> [Exercise requirements] If a line of the material holds the string "UNIV", please copy it.

── Data for processing

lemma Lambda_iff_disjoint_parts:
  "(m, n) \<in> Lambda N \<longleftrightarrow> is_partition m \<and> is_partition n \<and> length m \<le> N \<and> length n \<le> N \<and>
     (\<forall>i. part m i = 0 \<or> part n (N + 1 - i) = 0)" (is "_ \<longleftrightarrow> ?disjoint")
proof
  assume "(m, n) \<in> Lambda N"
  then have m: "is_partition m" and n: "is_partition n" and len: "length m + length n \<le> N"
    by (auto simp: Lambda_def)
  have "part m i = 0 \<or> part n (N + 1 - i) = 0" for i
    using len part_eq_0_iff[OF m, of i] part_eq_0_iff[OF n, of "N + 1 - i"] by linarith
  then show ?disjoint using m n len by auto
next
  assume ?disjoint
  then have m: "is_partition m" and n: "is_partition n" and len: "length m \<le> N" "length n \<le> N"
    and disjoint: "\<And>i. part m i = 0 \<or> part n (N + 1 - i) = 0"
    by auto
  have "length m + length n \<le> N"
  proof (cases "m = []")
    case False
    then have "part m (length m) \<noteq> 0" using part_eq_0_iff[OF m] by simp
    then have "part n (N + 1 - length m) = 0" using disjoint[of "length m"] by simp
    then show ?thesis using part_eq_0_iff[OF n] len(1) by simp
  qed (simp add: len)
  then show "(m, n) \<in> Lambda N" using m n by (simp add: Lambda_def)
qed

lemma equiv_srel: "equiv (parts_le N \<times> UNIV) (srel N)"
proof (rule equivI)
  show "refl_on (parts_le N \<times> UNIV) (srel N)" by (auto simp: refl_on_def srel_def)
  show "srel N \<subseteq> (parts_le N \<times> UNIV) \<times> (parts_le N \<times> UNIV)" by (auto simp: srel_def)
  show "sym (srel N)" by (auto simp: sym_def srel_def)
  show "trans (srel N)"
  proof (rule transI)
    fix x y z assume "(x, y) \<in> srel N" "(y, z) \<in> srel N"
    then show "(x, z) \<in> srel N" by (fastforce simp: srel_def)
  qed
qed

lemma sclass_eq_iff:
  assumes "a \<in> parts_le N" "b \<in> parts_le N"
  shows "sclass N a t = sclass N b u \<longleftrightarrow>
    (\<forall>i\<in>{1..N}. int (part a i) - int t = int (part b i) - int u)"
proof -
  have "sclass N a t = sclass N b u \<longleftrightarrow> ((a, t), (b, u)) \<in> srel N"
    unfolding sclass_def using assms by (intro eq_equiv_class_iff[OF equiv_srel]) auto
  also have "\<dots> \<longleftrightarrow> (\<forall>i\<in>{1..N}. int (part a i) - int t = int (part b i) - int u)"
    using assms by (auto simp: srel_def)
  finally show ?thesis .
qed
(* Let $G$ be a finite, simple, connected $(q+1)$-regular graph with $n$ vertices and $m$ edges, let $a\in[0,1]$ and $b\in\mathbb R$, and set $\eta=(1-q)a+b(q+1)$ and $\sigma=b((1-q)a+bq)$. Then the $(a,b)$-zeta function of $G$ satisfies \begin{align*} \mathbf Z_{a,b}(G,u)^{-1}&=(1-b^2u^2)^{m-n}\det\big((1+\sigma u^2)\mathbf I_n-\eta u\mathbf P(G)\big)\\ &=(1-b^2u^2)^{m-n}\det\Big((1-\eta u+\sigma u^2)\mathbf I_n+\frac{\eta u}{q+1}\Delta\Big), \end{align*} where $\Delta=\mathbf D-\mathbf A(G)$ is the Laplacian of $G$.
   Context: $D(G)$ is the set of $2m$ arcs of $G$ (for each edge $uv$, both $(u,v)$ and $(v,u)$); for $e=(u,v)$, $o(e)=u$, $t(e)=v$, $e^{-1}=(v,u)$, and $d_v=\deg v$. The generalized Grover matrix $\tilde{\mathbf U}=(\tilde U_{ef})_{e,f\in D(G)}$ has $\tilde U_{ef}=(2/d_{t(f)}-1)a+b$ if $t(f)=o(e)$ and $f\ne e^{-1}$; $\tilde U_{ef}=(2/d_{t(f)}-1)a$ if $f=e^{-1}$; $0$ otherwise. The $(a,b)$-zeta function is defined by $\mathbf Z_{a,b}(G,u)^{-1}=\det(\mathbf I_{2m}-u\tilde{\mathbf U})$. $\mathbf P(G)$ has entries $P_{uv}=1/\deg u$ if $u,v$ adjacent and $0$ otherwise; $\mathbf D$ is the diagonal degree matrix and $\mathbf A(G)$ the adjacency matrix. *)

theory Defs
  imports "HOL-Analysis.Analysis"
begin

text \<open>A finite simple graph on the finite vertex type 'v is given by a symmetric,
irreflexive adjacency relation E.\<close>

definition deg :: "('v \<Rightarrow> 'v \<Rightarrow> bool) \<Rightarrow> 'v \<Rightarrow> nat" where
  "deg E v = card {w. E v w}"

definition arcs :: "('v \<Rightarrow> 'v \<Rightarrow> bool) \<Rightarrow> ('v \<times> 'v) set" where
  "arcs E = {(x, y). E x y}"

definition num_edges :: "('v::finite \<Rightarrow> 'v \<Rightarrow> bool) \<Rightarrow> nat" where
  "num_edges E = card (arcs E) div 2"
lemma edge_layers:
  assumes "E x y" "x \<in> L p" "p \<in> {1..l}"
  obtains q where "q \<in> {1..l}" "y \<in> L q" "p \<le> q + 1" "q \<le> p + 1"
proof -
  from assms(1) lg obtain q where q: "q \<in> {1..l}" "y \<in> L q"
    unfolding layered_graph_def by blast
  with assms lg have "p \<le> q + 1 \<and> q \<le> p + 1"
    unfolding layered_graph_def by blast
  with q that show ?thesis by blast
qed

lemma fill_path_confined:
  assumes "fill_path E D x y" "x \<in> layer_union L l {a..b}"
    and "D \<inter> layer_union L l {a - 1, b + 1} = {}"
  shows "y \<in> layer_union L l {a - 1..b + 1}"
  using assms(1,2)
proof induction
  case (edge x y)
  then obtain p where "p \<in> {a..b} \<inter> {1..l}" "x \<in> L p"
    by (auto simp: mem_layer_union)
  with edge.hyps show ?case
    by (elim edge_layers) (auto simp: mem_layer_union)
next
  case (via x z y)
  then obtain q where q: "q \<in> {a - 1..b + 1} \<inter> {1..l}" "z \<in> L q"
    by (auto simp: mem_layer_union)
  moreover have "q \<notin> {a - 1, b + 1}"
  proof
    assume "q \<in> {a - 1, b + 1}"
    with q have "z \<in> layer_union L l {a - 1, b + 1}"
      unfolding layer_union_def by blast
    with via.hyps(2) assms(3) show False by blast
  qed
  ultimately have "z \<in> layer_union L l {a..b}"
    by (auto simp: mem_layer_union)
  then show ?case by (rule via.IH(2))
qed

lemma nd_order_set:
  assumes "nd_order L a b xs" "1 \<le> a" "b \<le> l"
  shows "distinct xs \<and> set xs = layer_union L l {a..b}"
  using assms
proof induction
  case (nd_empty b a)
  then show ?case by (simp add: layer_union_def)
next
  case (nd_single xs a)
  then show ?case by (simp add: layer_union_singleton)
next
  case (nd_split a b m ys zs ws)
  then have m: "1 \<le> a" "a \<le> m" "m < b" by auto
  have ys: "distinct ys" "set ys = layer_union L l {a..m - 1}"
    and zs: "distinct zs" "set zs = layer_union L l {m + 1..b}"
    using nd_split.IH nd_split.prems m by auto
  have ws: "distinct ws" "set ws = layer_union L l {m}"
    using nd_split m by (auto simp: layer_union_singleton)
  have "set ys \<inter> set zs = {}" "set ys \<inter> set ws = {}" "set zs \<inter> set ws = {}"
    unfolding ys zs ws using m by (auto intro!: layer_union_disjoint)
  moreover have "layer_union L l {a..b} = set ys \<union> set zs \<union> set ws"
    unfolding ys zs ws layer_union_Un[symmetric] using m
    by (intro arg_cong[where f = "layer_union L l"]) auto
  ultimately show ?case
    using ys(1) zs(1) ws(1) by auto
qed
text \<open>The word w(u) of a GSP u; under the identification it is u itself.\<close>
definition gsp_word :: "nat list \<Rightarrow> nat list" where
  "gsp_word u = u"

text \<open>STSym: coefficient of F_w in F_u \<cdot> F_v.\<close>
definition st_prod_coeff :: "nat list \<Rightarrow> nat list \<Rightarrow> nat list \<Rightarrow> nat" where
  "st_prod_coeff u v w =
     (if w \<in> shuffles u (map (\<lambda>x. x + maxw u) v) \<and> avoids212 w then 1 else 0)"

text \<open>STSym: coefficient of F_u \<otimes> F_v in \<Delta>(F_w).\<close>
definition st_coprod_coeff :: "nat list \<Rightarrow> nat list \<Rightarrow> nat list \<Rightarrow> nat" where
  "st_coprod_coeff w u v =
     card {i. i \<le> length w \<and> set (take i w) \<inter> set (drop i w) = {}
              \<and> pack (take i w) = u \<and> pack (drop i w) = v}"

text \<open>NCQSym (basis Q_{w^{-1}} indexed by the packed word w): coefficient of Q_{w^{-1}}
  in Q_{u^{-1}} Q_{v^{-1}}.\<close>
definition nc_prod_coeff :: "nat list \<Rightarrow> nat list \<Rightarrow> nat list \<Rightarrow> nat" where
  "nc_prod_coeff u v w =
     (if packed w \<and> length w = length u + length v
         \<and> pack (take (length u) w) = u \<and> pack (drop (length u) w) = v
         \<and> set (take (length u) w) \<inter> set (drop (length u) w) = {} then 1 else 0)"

────
── Data for processing

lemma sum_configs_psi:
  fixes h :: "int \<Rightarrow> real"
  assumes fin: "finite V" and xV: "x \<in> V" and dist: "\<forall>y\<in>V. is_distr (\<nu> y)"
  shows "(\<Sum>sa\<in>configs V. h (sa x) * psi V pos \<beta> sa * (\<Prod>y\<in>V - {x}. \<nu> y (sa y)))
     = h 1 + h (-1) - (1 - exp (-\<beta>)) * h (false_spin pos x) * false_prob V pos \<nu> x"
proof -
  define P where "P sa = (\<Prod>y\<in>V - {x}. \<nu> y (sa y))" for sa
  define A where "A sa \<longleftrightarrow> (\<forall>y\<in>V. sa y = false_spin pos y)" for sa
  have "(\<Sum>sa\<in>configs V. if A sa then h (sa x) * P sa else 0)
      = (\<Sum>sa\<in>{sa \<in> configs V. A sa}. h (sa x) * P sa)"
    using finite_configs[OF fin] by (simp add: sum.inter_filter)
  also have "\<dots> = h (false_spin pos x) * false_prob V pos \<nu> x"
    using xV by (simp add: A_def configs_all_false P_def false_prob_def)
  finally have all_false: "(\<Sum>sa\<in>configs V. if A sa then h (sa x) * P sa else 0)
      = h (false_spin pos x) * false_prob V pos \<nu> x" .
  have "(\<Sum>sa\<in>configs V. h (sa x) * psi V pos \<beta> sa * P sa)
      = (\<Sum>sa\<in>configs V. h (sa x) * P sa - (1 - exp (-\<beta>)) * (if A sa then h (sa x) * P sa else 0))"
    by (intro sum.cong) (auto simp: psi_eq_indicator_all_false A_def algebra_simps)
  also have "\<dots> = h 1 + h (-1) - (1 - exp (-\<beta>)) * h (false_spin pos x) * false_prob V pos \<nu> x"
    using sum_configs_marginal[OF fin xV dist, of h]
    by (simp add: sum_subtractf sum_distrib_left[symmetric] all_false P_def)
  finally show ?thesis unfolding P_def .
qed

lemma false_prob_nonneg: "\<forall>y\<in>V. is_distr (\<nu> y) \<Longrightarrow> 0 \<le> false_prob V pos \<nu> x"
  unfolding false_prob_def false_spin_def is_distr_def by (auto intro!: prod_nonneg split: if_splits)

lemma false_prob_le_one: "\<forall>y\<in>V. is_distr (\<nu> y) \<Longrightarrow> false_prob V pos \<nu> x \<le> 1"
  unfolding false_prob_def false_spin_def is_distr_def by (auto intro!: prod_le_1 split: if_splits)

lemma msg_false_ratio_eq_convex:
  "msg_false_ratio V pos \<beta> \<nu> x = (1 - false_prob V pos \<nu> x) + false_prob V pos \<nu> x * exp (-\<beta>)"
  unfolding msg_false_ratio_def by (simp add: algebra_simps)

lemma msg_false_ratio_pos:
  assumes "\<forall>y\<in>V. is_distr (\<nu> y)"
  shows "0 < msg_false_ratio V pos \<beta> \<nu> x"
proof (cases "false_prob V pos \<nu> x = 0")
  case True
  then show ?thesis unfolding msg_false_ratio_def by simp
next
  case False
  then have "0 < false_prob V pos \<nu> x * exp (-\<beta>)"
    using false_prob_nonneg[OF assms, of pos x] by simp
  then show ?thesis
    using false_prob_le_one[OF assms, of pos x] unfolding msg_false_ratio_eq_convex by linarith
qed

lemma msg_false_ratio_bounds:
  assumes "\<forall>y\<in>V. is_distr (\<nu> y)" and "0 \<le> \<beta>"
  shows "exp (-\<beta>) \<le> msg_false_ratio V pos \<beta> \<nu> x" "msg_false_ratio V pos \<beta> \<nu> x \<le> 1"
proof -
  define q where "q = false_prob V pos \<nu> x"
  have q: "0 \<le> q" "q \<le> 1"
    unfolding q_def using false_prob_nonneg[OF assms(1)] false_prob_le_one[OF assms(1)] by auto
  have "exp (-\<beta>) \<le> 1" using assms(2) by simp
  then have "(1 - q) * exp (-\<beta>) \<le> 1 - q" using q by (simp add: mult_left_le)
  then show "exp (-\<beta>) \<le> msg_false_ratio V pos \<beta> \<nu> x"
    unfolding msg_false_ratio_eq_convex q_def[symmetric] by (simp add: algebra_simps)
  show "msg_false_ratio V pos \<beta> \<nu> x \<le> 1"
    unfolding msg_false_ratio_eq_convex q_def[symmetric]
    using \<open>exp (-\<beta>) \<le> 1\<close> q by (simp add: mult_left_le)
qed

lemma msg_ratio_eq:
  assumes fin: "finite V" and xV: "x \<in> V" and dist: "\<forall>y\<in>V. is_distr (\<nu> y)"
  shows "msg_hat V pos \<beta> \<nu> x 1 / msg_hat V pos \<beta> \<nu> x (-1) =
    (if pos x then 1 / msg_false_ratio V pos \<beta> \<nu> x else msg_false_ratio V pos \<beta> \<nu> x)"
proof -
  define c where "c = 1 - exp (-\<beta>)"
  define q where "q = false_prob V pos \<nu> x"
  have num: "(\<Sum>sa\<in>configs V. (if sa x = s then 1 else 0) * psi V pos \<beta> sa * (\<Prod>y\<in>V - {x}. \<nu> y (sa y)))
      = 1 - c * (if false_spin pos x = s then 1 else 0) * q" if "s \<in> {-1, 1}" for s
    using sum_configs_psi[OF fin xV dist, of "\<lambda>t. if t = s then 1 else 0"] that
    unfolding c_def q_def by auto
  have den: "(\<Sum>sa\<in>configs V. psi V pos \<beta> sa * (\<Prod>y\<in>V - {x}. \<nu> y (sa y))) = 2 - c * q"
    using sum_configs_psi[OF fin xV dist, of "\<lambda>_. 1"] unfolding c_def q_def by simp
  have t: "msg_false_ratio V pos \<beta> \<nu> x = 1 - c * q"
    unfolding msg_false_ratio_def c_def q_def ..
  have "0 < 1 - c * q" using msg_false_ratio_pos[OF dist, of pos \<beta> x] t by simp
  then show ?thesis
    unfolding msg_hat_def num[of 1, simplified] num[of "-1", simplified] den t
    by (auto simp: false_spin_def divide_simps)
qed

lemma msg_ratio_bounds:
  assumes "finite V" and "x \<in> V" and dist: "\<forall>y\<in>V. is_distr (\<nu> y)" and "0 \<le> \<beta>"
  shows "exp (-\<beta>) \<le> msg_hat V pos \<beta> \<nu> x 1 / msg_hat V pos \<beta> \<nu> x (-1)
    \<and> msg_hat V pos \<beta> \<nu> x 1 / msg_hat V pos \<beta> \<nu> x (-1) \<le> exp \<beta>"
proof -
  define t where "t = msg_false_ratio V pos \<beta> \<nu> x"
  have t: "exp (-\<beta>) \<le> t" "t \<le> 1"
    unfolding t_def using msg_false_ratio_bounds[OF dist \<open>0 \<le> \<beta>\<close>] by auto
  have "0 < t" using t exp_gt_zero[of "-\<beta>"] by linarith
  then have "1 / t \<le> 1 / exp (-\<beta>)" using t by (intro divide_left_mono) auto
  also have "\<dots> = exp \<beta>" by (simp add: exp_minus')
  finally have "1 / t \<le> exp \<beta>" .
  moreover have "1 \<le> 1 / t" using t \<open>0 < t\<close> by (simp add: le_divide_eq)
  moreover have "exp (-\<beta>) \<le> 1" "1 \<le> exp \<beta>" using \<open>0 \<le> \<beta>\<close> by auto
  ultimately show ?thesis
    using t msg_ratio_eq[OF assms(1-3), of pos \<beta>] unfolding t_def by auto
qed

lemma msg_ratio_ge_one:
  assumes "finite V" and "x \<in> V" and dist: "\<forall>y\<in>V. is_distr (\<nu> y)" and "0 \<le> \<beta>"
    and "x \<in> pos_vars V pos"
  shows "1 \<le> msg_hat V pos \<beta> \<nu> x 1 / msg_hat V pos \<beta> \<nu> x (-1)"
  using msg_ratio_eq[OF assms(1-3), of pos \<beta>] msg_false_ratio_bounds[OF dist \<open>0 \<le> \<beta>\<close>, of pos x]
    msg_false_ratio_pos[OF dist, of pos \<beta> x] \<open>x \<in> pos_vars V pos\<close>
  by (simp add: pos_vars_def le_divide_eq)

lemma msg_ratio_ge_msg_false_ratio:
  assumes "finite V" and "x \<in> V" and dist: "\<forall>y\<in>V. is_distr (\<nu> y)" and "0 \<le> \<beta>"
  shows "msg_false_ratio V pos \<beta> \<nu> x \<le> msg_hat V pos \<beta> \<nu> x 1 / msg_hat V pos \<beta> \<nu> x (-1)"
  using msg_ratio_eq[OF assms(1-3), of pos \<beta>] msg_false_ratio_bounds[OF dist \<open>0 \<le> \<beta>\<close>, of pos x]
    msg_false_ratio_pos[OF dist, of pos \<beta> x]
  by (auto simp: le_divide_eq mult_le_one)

────
── Data for processing

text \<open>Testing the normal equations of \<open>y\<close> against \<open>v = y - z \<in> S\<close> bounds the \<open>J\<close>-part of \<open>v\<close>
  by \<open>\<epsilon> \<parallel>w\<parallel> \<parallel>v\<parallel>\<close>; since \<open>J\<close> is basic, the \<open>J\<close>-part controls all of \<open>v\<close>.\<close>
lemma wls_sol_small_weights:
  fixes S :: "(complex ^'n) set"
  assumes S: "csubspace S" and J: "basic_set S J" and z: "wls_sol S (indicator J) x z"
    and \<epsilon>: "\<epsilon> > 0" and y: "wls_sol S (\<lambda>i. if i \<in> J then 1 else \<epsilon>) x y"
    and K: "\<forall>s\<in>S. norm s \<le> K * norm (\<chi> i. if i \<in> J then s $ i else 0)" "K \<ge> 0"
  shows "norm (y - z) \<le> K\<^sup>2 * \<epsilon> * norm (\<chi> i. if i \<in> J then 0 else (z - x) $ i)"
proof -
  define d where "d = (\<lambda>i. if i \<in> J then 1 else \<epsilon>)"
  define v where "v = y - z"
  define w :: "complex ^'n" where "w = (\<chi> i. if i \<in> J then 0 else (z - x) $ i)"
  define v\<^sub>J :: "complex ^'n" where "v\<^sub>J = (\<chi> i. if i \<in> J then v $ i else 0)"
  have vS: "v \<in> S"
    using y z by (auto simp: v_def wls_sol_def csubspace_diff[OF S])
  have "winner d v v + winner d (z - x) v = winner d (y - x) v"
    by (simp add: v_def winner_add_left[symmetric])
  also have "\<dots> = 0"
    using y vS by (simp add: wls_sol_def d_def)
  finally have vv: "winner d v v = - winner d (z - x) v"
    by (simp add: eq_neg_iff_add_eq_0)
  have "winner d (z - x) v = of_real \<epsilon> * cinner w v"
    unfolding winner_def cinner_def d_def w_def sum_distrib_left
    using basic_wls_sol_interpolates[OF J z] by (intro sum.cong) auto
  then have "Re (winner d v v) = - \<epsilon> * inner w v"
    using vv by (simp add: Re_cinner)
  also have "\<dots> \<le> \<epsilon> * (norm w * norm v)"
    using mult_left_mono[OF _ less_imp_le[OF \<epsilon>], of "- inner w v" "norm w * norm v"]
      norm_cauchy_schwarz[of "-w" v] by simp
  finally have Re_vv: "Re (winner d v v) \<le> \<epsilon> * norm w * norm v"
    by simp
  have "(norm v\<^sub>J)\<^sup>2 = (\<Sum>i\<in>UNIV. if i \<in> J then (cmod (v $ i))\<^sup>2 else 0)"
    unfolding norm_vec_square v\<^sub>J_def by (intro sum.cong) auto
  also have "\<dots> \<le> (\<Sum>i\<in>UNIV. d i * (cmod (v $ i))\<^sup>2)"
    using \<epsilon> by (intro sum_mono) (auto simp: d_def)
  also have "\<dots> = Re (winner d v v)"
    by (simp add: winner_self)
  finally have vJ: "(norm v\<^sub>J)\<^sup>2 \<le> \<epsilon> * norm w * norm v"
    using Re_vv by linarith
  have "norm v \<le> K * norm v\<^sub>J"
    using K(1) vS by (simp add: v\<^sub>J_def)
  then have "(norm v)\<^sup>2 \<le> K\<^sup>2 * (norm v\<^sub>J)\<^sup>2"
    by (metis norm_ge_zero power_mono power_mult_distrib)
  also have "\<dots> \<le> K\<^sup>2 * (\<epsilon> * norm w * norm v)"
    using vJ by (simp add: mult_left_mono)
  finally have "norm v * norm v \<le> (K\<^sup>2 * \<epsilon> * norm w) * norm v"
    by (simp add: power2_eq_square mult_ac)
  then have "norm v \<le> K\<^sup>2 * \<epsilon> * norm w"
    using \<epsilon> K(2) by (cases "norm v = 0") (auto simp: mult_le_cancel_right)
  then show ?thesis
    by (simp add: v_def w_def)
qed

────

> [Reply]
lemma equiv_srel: "equiv (parts_le N \<times> UNIV) (srel N)"
  show "refl_on (parts_le N \<times> UNIV) (srel N)" by (auto simp: refl_on_def srel_def)
  show "srel N \<subseteq> (parts_le N \<times> UNIV) \<times> (parts_le N \<times> UNIV)" by (auto simp: srel_def)
  have "(norm v\<^sub>J)\<^sup>2 = (\<Sum>i\<in>UNIV. if i \<in> J then (cmod (v $ i))\<^sup>2 else 0)"
  also have "\<dots> \<le> (\<Sum>i\<in>UNIV. d i * (cmod (v $ i))\<^sup>2)"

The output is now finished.